Chapter 9: The KV Cache — Efficient Autoregressive Inference¶

Learning Outcome¶

Understand why autoregressive decoding is expensive without caching, implement a KV cache from scratch, and measure the concrete speedup on GPU.

Concepts¶

The Problem: Redundant Computation¶

Naive autoregressive decoding recomputes keys and values for all previous tokens at every step.

For a sequence of length n with d_model dimensions and L layers: - Compute cost without cache: \(O(n^2 \cdot d_{model} \cdot L)\) total - Memory reads: proportional to \(n^2\) — each token pays for all previous tokens

Generating a 1000-token response with naive decoding computes ~500,000 attention operations (summing 1+2+...+999 = 499,500).

The KV Cache¶

At each decode step, we only need to compute Q, K, V for the new token. The K and V vectors for all previous tokens are cached and reused.

Step 1 (prefill): process [t_1, t_2, t_3] → compute K/V for all 3, cache them
Step 2 (decode):  process [t_4] only → compute new K/V, append to cache, attend over all 4
Step 3 (decode):  process [t_5] only → compute new K/V, append to cache, attend over all 5
...

Per-step cost: O(n · d_model · L) instead of O(n² · d_model · L).

Memory Cost¶

The KV cache stores: [ 2 \times L \times H \times d_{head} \times S \times \text{bytes_per_elem} ]

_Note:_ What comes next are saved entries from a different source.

lemma card_Rset_le_dmax:
  assumes "u \<in> adj g t ` Sres S g i"
  shows "\<exists>n\<in>S. card (Rset S g t i u) \<le> dmax g t n"
proof -
  obtain n where "n \<in> S" "Rset S g t i u \<subseteq> short_Pset g t n"
    using Rset_subset_short_Pset_Min Rset_subset_short_Pset_not_Min assms by metis
  then show ?thesis
    using card_mono[OF finite_short_Pset] dmax_eq_card_short_Pset by metis
qed

lemma dmax_le_card_Rset:
  assumes "s \<in> S"
  shows "dmax g t s \<le> card (Rset S g t (s mod g 0) (adj g t s))"
proof -
  have "finite (Rset S g t (s mod g 0) (adj g t s))"
    using finite_subset[OF Rset_subset_Pset finite_Pset] .
  then show ?thesis
    using card_mono short_Pset_subset_Rset[OF assms] dmax_eq_card_short_Pset[OF assms] by metis
qed

lemma dmaxS_eq_Max_card_Rset:
  "dmaxS S g t = Max {card (Rset S g t i u) | i u. i < g 0 \<and> u \<in> adj g t ` Sres S g i}"
  (is "_ = Max ?T")
proof -
  have "?T = (\<lambda>(i, u). card (Rset S g t i u)) ` (SIGMA i:{..<g 0}. adj g t ` Sres S g i)"
    by auto
  then have "finite ?T"
    using finite_adj_Sres by simp
  have "0 \<in> S"
    unfolding S_eq by (auto intro: exI[of _ "\<lambda>_. 0"])
  then have "card (Rset S g t 0 (adj g t 0)) \<in> ?T"
    using multiplicity_pos by (force simp: Sres_def)
  show ?thesis
    unfolding dmaxS_def
  proof (rule Max_eq_Max_if_cofinal)
    show "finite ?T" "dmax g t ` S \<noteq> {}" "?T \<noteq> {}"
      using \<open>finite ?T\<close> \<open>0 \<in> S\<close> \<open>card (Rset S g t 0 (adj g t 0)) \<in> ?T\<close> by auto
  next
    fix d assume "d \<in> dmax g t ` S"
    then obtain s where "s \<in> S" "d = dmax g t s"
      by blast
    moreover have "card (Rset S g t (s mod g 0) (adj g t s)) \<in> ?T"
      using \<open>s \<in> S\<close> multiplicity_pos by (force simp: Sres_def)
    ultimately show "\<exists>r\<in>?T. d \<le> r"
      using dmax_le_card_Rset by blast
  next
    fix r assume "r \<in> ?T"
    then show "\<exists>d\<in>dmax g t ` S. r \<le> d"
      using card_Rset_le_dmax by blast
  qed
qed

For LLaMA 3 8B (L=32, H=8 KV heads, d_head=128, S=4096, BF16): [ 2 \times 32 \times 8 \times 128 \times 4096 \times 2 \approx 536 \text{ MB} ]

This is why long context windows (128k tokens) require careful memory management (paged attention, as in vLLM).

HuggingFace `past_key_values`¶

HuggingFace returns the KV cache as past_key_values:

outputs = model(input_ids, use_cache=True)
past_kv = outputs.past_key_values  # tuple of (K, V) per layer
# Shape of each tensor: (batch, n_heads, seq_len, d_head)

At each subsequent step:

outputs = model(next_token_ids, past_key_values=past_kv, use_cache=True)
past_kv = outputs.past_key_values  # now one position longer

Grouped-Query Attention (GQA)¶

LLaMA 2/3, Mistral, and others use fewer K/V heads than Q heads. If there are G query groups, each group of n_heads/G Q heads shares one K/V head.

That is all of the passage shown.